What the task asks = Among the entries below, one stretch runs from the line that contains "section \<open>Boxes and their frames\<close>" through the line that contains "by (auto simp: top_side_def)". Repeat that stretch exactly, ends included, and only that.

::::

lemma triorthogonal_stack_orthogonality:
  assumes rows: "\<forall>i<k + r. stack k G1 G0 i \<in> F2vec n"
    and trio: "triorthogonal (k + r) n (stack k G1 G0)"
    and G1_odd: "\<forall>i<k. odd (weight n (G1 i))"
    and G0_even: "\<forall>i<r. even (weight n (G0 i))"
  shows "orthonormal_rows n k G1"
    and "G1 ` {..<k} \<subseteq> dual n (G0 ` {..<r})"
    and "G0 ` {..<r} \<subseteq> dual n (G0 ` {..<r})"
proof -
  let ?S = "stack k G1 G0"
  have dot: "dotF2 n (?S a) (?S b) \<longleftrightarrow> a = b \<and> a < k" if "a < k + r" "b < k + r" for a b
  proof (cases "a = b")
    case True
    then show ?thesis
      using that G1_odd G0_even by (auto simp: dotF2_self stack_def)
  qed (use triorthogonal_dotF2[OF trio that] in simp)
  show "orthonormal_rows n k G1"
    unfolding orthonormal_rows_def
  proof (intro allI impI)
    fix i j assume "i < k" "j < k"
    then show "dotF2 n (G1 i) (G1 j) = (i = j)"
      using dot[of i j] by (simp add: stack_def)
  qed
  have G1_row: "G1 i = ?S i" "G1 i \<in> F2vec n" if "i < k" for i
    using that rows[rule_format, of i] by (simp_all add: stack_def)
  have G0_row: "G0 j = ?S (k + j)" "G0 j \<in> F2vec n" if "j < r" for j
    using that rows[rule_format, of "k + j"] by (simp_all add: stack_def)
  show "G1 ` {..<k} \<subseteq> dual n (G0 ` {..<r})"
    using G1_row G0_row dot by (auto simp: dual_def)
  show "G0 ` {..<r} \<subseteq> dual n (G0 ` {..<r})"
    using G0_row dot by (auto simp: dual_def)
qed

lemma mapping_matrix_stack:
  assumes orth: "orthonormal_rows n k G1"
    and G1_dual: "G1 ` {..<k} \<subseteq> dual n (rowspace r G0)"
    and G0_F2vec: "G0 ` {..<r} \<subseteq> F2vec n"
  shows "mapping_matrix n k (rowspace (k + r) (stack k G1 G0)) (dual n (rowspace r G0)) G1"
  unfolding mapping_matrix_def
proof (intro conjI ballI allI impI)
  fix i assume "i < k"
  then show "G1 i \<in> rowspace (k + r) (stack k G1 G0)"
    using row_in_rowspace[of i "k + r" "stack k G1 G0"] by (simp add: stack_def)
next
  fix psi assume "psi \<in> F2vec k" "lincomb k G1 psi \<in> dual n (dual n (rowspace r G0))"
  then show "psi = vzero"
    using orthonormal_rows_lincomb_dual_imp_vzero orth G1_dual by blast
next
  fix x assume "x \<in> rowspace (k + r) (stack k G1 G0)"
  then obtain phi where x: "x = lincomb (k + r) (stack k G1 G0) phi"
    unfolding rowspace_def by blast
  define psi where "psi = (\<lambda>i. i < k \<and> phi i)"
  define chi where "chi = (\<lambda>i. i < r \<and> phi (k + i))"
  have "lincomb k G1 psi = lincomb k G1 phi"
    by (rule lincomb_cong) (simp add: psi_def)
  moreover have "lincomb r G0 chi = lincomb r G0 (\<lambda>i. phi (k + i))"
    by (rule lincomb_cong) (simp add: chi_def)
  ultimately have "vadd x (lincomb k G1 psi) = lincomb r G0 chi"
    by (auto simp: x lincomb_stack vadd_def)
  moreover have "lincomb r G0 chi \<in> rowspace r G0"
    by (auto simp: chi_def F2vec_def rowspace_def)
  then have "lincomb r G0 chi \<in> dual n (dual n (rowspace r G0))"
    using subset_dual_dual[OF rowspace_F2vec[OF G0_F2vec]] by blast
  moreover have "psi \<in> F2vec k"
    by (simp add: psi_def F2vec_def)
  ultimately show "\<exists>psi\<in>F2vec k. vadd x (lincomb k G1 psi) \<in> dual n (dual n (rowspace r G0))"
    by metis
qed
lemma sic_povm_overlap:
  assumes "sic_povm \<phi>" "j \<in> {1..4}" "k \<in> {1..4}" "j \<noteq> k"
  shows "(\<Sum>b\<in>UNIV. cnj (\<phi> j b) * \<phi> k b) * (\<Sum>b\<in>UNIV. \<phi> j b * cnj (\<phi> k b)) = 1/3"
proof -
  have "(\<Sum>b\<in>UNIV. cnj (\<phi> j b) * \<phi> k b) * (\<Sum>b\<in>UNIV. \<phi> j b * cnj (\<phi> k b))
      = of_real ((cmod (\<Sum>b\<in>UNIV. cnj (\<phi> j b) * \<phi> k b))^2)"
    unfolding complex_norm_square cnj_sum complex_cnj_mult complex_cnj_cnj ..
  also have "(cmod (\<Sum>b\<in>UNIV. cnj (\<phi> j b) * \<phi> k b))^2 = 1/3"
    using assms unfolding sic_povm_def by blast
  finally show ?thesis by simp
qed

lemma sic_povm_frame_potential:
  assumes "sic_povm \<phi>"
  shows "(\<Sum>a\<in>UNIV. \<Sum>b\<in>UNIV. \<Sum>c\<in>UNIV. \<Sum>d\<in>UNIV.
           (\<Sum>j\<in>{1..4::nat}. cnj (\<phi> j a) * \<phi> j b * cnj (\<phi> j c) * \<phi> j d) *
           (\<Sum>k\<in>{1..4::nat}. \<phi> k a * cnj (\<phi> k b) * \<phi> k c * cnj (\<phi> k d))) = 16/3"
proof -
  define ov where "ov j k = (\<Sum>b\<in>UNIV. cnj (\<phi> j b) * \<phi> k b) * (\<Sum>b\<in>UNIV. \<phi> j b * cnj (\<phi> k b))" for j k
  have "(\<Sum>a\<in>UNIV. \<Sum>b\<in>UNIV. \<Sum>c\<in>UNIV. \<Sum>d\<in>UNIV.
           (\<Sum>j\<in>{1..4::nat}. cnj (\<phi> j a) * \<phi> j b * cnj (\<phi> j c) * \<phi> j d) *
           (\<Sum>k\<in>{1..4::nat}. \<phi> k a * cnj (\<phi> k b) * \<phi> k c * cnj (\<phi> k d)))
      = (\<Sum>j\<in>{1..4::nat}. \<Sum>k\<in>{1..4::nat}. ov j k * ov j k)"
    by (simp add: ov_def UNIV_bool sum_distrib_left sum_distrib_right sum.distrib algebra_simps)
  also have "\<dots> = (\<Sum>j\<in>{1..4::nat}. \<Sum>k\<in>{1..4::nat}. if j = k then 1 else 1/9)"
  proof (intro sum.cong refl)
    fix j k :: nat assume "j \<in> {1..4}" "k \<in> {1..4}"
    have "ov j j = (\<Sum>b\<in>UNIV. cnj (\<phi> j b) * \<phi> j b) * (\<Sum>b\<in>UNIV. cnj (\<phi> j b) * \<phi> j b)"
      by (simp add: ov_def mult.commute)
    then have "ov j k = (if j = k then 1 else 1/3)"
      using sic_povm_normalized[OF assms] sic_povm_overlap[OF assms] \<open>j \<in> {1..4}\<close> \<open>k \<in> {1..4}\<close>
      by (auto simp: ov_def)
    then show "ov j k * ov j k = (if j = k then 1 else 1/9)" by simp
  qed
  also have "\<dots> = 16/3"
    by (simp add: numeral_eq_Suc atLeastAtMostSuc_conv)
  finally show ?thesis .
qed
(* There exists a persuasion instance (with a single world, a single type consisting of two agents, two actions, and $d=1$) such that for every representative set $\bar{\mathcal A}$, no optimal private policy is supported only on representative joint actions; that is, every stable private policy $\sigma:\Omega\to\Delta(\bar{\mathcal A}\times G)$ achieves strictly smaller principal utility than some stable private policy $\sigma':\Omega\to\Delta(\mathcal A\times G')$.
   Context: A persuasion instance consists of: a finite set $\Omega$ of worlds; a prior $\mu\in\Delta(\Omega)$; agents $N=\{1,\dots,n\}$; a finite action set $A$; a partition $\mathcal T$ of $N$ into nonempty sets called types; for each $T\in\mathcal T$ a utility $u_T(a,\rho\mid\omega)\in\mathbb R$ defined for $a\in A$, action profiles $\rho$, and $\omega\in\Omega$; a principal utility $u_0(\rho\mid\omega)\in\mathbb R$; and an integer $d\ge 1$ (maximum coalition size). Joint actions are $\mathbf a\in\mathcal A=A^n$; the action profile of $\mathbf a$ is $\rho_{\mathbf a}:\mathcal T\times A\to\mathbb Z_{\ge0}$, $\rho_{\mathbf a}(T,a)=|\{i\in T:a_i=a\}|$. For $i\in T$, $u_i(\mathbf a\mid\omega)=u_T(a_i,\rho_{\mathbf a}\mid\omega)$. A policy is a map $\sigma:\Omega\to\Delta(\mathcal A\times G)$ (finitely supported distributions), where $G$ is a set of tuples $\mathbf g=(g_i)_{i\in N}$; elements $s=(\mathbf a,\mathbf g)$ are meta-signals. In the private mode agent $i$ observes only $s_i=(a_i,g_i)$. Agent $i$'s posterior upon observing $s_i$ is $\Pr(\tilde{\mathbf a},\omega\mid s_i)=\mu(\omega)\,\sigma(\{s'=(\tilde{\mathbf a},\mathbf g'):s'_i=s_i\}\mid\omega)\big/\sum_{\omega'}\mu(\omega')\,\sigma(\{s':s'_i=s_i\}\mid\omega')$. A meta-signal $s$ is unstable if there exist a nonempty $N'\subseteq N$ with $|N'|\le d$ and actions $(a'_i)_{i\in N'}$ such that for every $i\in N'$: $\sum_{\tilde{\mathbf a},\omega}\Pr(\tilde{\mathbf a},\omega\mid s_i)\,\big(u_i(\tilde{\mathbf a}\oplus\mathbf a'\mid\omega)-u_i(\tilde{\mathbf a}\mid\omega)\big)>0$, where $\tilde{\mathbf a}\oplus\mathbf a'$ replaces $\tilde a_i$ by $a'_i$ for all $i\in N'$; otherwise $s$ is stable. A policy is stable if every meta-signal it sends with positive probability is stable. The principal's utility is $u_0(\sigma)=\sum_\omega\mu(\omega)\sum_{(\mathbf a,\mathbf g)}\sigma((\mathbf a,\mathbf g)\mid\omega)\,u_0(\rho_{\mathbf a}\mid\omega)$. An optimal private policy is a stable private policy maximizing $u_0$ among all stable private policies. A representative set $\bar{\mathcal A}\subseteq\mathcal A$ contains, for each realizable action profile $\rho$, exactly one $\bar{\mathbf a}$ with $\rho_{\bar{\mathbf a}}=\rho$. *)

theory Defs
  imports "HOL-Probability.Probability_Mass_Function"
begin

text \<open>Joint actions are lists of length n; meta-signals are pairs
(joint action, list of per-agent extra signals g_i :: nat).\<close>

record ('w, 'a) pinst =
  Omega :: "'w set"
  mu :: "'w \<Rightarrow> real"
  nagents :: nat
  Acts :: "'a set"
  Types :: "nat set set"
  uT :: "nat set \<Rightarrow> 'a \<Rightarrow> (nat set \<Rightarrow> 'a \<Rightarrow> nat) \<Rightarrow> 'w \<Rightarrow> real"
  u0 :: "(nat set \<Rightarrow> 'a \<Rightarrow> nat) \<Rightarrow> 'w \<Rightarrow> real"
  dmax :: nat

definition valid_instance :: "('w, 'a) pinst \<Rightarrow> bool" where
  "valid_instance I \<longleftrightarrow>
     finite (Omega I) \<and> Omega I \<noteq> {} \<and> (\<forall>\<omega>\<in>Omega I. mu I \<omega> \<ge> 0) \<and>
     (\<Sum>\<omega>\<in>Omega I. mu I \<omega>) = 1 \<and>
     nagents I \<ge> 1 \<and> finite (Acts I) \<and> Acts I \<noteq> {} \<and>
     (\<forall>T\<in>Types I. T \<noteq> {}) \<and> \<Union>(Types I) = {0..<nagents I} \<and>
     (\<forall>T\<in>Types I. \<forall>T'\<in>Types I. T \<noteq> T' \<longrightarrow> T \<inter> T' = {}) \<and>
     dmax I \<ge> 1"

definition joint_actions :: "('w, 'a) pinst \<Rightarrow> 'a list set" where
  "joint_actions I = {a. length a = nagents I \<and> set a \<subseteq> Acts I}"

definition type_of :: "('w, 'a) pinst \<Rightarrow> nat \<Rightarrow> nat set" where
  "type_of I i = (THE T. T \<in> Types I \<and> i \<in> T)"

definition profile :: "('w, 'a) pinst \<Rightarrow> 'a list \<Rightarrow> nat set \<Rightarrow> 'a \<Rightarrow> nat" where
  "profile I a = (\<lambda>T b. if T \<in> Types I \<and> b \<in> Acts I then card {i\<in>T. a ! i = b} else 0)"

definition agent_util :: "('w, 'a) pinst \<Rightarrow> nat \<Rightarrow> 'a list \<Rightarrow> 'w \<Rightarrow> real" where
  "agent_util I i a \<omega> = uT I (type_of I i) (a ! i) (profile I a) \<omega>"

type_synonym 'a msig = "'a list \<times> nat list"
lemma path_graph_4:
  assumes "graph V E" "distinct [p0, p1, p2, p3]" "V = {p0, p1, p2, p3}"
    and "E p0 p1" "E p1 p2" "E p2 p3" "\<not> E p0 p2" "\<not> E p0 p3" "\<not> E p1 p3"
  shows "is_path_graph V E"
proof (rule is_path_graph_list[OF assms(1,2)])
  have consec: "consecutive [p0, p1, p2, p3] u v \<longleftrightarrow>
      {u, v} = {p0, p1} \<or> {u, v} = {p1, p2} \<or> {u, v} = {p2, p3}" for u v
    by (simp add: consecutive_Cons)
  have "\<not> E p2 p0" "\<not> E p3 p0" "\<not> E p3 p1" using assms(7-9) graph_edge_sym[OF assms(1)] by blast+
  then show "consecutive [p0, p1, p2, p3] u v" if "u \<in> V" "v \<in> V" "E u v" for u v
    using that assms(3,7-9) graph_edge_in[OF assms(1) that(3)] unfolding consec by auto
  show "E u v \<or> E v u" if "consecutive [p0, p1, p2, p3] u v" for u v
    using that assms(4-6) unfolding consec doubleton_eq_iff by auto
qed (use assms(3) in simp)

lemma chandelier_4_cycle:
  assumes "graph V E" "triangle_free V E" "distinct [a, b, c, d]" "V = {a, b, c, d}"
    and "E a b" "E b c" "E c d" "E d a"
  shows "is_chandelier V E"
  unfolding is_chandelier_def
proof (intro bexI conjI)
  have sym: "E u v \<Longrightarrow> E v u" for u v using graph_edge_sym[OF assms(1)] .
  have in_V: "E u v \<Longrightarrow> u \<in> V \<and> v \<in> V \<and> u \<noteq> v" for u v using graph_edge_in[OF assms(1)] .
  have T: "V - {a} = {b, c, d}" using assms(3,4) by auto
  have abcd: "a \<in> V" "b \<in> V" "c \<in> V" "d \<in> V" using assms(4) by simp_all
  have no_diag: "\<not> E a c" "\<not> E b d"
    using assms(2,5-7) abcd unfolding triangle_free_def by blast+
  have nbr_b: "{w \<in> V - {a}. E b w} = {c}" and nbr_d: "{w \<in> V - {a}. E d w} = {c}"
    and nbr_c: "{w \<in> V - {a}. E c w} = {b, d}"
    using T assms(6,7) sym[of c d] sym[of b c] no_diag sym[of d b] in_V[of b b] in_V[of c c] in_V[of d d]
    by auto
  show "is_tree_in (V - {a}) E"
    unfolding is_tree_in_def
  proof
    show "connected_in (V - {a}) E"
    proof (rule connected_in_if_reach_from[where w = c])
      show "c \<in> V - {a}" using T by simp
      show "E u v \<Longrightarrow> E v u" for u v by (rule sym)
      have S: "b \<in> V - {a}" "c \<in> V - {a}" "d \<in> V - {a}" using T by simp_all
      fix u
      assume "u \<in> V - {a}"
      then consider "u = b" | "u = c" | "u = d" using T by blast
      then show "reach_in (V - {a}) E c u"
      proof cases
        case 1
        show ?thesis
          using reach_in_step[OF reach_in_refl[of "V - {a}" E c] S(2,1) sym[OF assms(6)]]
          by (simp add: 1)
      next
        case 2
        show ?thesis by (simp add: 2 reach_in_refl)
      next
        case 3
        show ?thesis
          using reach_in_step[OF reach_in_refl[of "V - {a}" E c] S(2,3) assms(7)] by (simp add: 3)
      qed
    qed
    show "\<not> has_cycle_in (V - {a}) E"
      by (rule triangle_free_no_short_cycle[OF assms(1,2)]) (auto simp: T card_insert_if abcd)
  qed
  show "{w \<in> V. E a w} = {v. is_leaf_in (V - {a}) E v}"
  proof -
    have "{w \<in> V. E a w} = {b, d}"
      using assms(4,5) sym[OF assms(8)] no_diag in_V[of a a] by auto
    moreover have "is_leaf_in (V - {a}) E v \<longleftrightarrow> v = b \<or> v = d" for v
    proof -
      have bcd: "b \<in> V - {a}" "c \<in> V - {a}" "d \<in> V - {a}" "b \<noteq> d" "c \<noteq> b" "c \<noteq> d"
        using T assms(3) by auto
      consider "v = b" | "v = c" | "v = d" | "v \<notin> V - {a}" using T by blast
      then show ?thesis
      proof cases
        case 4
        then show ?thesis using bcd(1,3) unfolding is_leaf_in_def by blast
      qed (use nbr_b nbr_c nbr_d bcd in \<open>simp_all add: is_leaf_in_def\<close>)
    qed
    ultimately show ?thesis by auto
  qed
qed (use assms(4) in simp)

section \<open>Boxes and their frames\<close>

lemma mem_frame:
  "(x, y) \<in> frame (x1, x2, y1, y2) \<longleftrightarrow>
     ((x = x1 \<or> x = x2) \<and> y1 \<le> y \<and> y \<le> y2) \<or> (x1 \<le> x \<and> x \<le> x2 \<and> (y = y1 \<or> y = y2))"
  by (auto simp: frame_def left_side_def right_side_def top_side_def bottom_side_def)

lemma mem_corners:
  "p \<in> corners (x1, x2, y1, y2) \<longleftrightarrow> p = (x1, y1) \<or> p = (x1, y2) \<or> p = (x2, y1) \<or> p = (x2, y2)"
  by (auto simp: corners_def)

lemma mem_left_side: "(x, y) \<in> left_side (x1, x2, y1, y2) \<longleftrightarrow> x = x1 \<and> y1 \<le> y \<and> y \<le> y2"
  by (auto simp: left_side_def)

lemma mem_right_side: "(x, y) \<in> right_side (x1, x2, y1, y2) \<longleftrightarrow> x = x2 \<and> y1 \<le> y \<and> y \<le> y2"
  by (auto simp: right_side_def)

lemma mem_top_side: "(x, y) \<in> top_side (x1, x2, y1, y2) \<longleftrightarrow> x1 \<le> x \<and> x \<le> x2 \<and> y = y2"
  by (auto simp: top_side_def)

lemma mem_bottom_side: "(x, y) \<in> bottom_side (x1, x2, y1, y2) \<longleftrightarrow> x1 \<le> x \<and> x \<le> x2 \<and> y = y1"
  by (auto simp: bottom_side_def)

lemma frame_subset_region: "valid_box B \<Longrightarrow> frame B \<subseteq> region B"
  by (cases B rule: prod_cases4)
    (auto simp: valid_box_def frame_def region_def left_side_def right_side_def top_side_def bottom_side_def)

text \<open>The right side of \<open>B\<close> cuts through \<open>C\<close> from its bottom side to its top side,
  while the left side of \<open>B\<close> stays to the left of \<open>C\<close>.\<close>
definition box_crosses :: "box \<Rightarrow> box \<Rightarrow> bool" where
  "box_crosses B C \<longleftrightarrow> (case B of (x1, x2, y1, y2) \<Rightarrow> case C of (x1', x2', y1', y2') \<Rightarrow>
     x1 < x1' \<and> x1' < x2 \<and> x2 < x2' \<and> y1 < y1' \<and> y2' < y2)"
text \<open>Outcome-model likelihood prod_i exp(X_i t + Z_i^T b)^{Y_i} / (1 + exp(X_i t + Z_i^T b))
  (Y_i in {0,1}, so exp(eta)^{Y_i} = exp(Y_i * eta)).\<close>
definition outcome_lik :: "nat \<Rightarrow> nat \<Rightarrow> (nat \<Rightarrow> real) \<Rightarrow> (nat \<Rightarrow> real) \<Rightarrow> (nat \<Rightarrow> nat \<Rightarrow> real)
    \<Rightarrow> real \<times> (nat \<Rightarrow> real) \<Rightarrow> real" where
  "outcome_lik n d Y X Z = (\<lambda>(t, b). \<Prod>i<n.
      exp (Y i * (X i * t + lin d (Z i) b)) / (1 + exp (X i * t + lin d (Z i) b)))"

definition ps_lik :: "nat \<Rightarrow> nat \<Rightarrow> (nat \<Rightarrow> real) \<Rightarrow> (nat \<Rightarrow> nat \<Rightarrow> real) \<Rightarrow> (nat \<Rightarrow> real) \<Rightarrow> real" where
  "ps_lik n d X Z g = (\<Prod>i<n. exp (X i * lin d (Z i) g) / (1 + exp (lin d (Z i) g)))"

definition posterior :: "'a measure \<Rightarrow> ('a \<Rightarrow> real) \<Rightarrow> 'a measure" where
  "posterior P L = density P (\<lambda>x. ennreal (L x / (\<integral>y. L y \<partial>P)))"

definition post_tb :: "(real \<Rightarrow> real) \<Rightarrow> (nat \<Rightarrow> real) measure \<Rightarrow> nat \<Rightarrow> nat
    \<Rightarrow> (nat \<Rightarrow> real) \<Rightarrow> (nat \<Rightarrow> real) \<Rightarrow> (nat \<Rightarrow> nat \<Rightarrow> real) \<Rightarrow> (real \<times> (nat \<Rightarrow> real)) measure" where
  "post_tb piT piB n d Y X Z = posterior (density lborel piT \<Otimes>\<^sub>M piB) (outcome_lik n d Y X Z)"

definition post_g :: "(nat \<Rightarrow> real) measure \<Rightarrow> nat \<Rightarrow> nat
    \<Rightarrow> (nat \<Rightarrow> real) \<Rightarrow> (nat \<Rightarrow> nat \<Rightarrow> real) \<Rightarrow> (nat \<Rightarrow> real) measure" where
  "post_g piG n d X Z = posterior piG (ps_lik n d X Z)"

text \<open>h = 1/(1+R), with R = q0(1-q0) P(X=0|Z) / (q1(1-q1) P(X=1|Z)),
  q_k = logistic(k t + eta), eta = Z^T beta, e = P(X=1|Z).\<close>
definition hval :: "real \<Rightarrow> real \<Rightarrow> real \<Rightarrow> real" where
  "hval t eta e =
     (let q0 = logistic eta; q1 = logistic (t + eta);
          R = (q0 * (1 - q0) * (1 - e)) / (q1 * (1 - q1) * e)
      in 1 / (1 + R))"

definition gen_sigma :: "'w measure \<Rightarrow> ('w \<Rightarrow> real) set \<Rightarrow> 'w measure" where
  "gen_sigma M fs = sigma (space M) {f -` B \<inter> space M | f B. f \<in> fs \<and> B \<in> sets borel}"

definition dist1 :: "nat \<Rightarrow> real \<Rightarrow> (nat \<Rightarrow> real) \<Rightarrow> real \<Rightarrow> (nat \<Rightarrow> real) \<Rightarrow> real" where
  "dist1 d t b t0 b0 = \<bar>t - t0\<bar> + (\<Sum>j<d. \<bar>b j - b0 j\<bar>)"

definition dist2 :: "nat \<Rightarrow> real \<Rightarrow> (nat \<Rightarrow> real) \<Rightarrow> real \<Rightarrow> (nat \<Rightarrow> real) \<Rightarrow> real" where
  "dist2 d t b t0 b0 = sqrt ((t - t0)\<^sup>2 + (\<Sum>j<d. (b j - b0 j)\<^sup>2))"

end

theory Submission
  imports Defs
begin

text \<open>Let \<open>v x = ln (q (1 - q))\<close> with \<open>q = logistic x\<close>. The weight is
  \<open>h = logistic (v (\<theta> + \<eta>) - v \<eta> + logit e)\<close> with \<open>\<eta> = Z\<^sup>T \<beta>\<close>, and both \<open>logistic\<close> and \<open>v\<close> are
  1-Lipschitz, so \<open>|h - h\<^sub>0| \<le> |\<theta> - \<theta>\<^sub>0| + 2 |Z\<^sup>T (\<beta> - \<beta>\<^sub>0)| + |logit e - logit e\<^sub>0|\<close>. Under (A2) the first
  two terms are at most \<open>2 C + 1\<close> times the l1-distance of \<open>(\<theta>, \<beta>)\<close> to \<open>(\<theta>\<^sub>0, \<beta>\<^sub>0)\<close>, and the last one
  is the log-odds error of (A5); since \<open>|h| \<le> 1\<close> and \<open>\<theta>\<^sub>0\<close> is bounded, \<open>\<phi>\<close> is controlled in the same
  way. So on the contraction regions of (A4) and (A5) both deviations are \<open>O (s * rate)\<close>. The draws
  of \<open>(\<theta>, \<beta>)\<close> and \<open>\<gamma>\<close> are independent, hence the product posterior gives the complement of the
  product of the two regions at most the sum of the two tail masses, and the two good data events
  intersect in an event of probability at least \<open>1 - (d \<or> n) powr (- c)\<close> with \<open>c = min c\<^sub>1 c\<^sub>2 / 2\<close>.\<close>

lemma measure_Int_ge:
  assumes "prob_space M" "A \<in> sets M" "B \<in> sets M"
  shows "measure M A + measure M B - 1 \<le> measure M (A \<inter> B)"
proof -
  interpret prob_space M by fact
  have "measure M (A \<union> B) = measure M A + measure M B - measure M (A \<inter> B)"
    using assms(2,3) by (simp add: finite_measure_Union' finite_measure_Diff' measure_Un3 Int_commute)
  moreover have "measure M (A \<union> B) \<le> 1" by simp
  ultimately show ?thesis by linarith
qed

::::

Answer area =
section \<open>Boxes and their frames\<close>

lemma mem_frame:
  "(x, y) \<in> frame (x1, x2, y1, y2) \<longleftrightarrow>
     ((x = x1 \<or> x = x2) \<and> y1 \<le> y \<and> y \<le> y2) \<or> (x1 \<le> x \<and> x \<le> x2 \<and> (y = y1 \<or> y = y2))"
  by (auto simp: frame_def left_side_def right_side_def top_side_def bottom_side_def)

lemma mem_corners:
  "p \<in> corners (x1, x2, y1, y2) \<longleftrightarrow> p = (x1, y1) \<or> p = (x1, y2) \<or> p = (x2, y1) \<or> p = (x2, y2)"
  by (auto simp: corners_def)

lemma mem_left_side: "(x, y) \<in> left_side (x1, x2, y1, y2) \<longleftrightarrow> x = x1 \<and> y1 \<le> y \<and> y \<le> y2"
  by (auto simp: left_side_def)

lemma mem_right_side: "(x, y) \<in> right_side (x1, x2, y1, y2) \<longleftrightarrow> x = x2 \<and> y1 \<le> y \<and> y \<le> y2"
  by (auto simp: right_side_def)

lemma mem_top_side: "(x, y) \<in> top_side (x1, x2, y1, y2) \<longleftrightarrow> x1 \<le> x \<and> x \<le> x2 \<and> y = y2"
  by (auto simp: top_side_def)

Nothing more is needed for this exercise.